# Where will the money come from?



## Daxk (Jan 20, 2008)

Hey Darko, looks like you and I are going to be paying higher Property rates.


Eskom May Need to Raise Tariffs 90%, Regulator Says (Update1) - Bloomberg.com

Eskom Holdings Ltd., South Africa’s state power company, may need to raise prices 90 percent to fund expansion plans, according to a regulatory official, increasing costs for business as the nation seeks to shake off a recession. 

“At this stage I don’t know any other source other than the tariffs,” Thembani Bukula, a member of the National Energy Regulator of South Africa, told a Johannesburg conference today. 

Eskom needs to spend 87 billion rand ($11 billion) in the year ending March 31, and 118 billion rand in the two years after that, as part of a five-year expansion, he said. Another option is to curb the program, originally aimed at preventing a repeat of 2008’s rolling blackouts and mine closures, he added. Eskom has asked for an “interim” 34 percent tariff increase. 

The company, which generates 60 percent of the power used in Africa and 95 percent of South Africa’s supply, is building new plants, including the world’s fourth- and fifth-biggest coal-fired sites. 

“Prices would be expected to increase by around 90 percent or over 90 percent for 2009-10,” Bukula said, and another 50 percent in the next year. Eskom’s funding options are limited by cuts in its credit rating and weak financial markets, he said. 

Moody Investors Service last year reduced the utility’s foreign-currency rating by three levels to Baa2, the second- lowest investment grade.


----------



## ROKZY (Feb 25, 2009)

Gee Daxk, why don't you up your pimping business? It looks like prostitution (as well as drinking in public) will be legal during the time of the World Cup.... perhaps another business opportunity for you? Boy, I love South Africa.

Legalizing Prostitution for World Cup 2010


----------



## Daxk (Jan 20, 2008)

Rokzy, I had thought of it,but the business economics did'nt make sense, I'm so ugly I would have difficulty finding 10,000 people a month each with .50c, Know anyone who could help?

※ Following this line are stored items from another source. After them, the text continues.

(* Let $n\ge2$, let $\mathcal{P}$ be a probability distribution on $\mathcal{Z}=\mathcal{X}\times\mathcal{Y}$, let $h:\mathcal{Z}^{n-1}\times\mathcal{X}\to\mathcal{R}$ be a possibly stochastic prediction function, and let $\ell:\mathcal{R}\times\mathcal{Y}\to[0,1]$ be a (measurable) loss. Then \[ \mathrm{gen}(h)\le\frac{c_n}{\sqrt2}\,\mathbb{E}_{z^n\sim\mathcal{P}^n}\sqrt{\mathrm{floo\text{-}CMI}(h,z^n)},\qquad c_n=\frac{n}{n-1}. \]
   Context: $h(z,x)$ is the (possibly random) prediction on input $x$ after training on $z$; its randomness is independent of the data and of $U$ below. For a training set $z^{m}=((x_1,y_1),\dots,(x_m,y_m))$, the true loss is $\mathcal{L}(h,z^m)=\mathbb{E}_{(x',y')\sim\mathcal{P}}[\ell(h(z^m,x'),y')]$ and the empirical loss is $\widehat{\mathcal{L}}(h,z^m)=\frac1m\sum_{i=1}^m\ell(h(z^m,x_i),y_i)$. The generalization gap is $\mathrm{gen}(h)=\big|\mathbb{E}\big[\widehat{\mathcal{L}}(h,Z^{n-1})-\mathcal{L}(h,Z^{n-1})\big]\big|$ with $Z^{n-1}\sim\mathcal{P}^{n-1}$ (expectation also over the randomness of $h$). For $z^n\in\mathcal{Z}^n$ with $z_i=(x_i,y_i)$, let $x^n=(x_1,\dots,x_n)$, let $z^{n-1}_{-u}$ be $z^n$ with $z_u$ deleted, and let $h(z^{n-1}_{-u},x^n)=(h(z^{n-1}_{-u},x_1),\dots,h(z^{n-1}_{-u},x_n))$. With $U$ uniform on $[n]$, $\mathrm{floo\text{-}CMI}(h,z^n)=I\big(h(z^{n-1}_{-U},x^n);U\mid Z^n=z^n\big)$. *)

theory Defs
  imports "HOL-Probability.Probability"
begin

text \<open>A training set of size m is an (extensional) function on {..<m}
  with values in Z = X \<times> Y. The possibly stochastic predictor is
  h w z x, where the internal randomness w is drawn from a probability
  measure MW independent of everything else.\<close>

definition del_idx :: "nat \<Rightarrow> nat \<Rightarrow> (nat \<Rightarrow> 'z) \<Rightarrow> nat \<Rightarrow> 'z" where
  "del_idx n u z = (\<lambda>i. if i < n - 1 then z (if i < u then i else Suc i) else undefined)"

text \<open>floo-CMI(h, z^n) = I(h(z^{n-1}_{-U}, x^n); U | Z^n = z^n), in nats,
  on the probability space MW \<times> Uniform{..<n}.\<close>
definition floo_CMI ::
  "'w measure \<Rightarrow> 'r measure \<Rightarrow> ('w \<Rightarrow> (nat \<Rightarrow> 'x \<times> 'y) \<Rightarrow> 'x \<Rightarrow> 'r) \<Rightarrow> nat
     \<Rightarrow> (nat \<Rightarrow> 'x \<times> 'y) \<Rightarrow> real" where
  "floo_CMI MW MR h n z =
     prob_space.mutual_information (MW \<Otimes>\<^sub>M uniform_count_measure {..<n}) (exp 1)
       (PiM {..<n} (\<lambda>_. MR)) (count_space {..<n})
       (\<lambda>(w, u). \<lambda>i\<in>{..<n}. h w (del_idx n u z) (fst (z i))) snd"

definition emp_loss ::
  "('r \<Rightarrow> 'y \<Rightarrow> real) \<Rightarrow> ('w \<Rightarrow> (nat \<Rightarrow> 'x \<times> 'y) \<Rightarrow> 'x \<Rightarrow> 'r) \<Rightarrow> nat
     \<Rightarrow> 'w \<Rightarrow> (nat \<Rightarrow> 'x \<times> 'y) \<Rightarrow> real" where
  "emp_loss loss h m w z = (\<Sum>i<m. loss (h w z (fst (z i))) (snd (z i))) / real m"

definition true_loss ::
  "('x \<times> 'y) measure \<Rightarrow> ('r \<Rightarrow> 'y \<Rightarrow> real) \<Rightarrow> ('w \<Rightarrow> (nat \<Rightarrow> 'x \<times> 'y) \<Rightarrow> 'x \<Rightarrow> 'r)
     \<Rightarrow> 'w \<Rightarrow> (nat \<Rightarrow> 'x \<times> 'y) \<Rightarrow> real" where
  "true_loss P loss h w z = (\<integral>p. loss (h w z (fst p)) (snd p) \<partial>P)"

definition gen_gap ::
  "'w measure \<Rightarrow> ('x \<times> 'y) measure \<Rightarrow> ('r \<Rightarrow> 'y \<Rightarrow> real)
     \<Rightarrow> ('w \<Rightarrow> (nat \<Rightarrow> 'x \<times> 'y) \<Rightarrow> 'x \<Rightarrow> 'r) \<Rightarrow> nat \<Rightarrow> real" where
  "gen_gap MW P loss h m =
     \<bar>\<integral>(w, z). emp_loss loss h m w z - true_loss P loss h w z \<partial>(MW \<Otimes>\<^sub>M PiM {..<m} (\<lambda>_. P))\<bar>"

end

theory Submission
  imports Defs
begin

text \<open>Fix the full sample \<open>z\<^sup>n\<close> and let \<open>U\<close> be uniform on \<open>{..<n}\<close>, independent of the internal
  randomness \<open>w\<close>. Let \<open>F\<close> be the vector of predictions, on all \<open>n\<close> inputs, of the predictor trained
  without \<open>z\<^sub>U\<close>. The mean of \<open>loss (F\<^sub>U) y\<^sub>U\<close> under the joint law of \<open>(F, U)\<close> is the leave-one-out
  test loss; under the product of the marginals it is the mean loss over all \<open>n\<close> points. Their
  difference is \<open>(n - 1) / n\<close> times the leave-one-out gap (test loss minus training loss, averaged over
  the deleted index). As \<open>U\<close> is uniform, the joint law is at most \<open>n\<close> times the product, so it has a
  bounded density, and the Donsker--Varadhan formula combined with Hoeffding's lemma bounds the
  difference by \<open>sqrt (I(F; U) / 2)\<close>. Finally, exchangeability of \<open>P\<^sup>n\<close> identifies the expected
  leave-one-out gap with the generalization gap of training on \<open>n - 1\<close> points.\<close>

section \<open>Entropy inequalities\<close>

lemma gibbs_pointwise:
  fixes t s :: real
  assumes "0 \<le> t" "0 < s"
  shows "t * ln s + t - s \<le> t * ln t"
proof (cases "t = 0")
  case False
  then have t: "t > 0" using assms by simp
  have "t * ln (s / t) \<le> t * (s / t - 1)"
    using t assms by (intro mult_left_mono ln_le_minus_one) auto
  also have "\<dots> = s - t" using t by (simp add: field_simps)
  finally show ?thesis using t assms by (simp add: ln_div algebra_simps)
qed (use assms in simp)

lemma abs_mult_ln_le:
  fixes x B :: real
  assumes "0 \<le> x" "x \<le> B"
  shows "\<bar>x * ln x\<bar> \<le> 1 + B * B"
proof (cases "x = 0")
  case False
  then have x: "x > 0" using assms by simp
  have "x * ln x \<le> x * (x - 1)"
    using x by (intro mult_left_mono ln_le_minus_one) auto
  moreover have "x - 1 \<le> x * ln x"
    using gibbs_pointwise[of x 1] x by simp
  moreover have "x * x \<le> B * B" using assms by (intro mult_mono) auto
  moreover have "x * (x - 1) = x * x - x" by (simp add: algebra_simps)
  moreover have "0 \<le> B * B" by simp
  ultimately show ?thesis using assms unfolding abs_le_iff by linarith
qed simp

PS: when did drinking in Public become illegal in SA?


----------



## ROKZY (Feb 25, 2009)

Sorry, gotta find the lolly elsewhere if not up with the salt
I'm off to drink my micky in the streets


----------



## Darko (May 6, 2009)

Daxk said:


> Hey Darko, looks like you and I are going to be paying higher Property rates.
> 
> 
> Eskom May Need to Raise Tariffs 90%, Regulator Says (Update1) - Bloomberg.com
> ...



Yeah, things are really looking good. 

What about private investment? I guess in the short term there is no other answer.


----------



## Daxk (Jan 20, 2008)

Think they tried that route,
distinct lack of Interest from FDI


----------



## Darko (May 6, 2009)

Daxk said:


> Think they tried that route,
> distinct lack of Interest from FDI


There was a rumour about GDF Suez building gas fired power plants with 1000MW capacity - funding to come from the markets apparently.


----------



## Daxk (Jan 20, 2008)

I thought GDF were more interested in Wind?
Here in Ireland they came up with a better idea, (actually stole it from the Brits)
They are proposing building Lakes across the Natural Glacier Scrape valleys, pumping Seawater into them using wind turbines,said Lakes would then empty back into the sea through Turbines giving cheap,sustainable "Green"Energy.
cost 5 Billion € and within 5 years.
would create huge employment for Irelands Recessed Construction Industry.


----------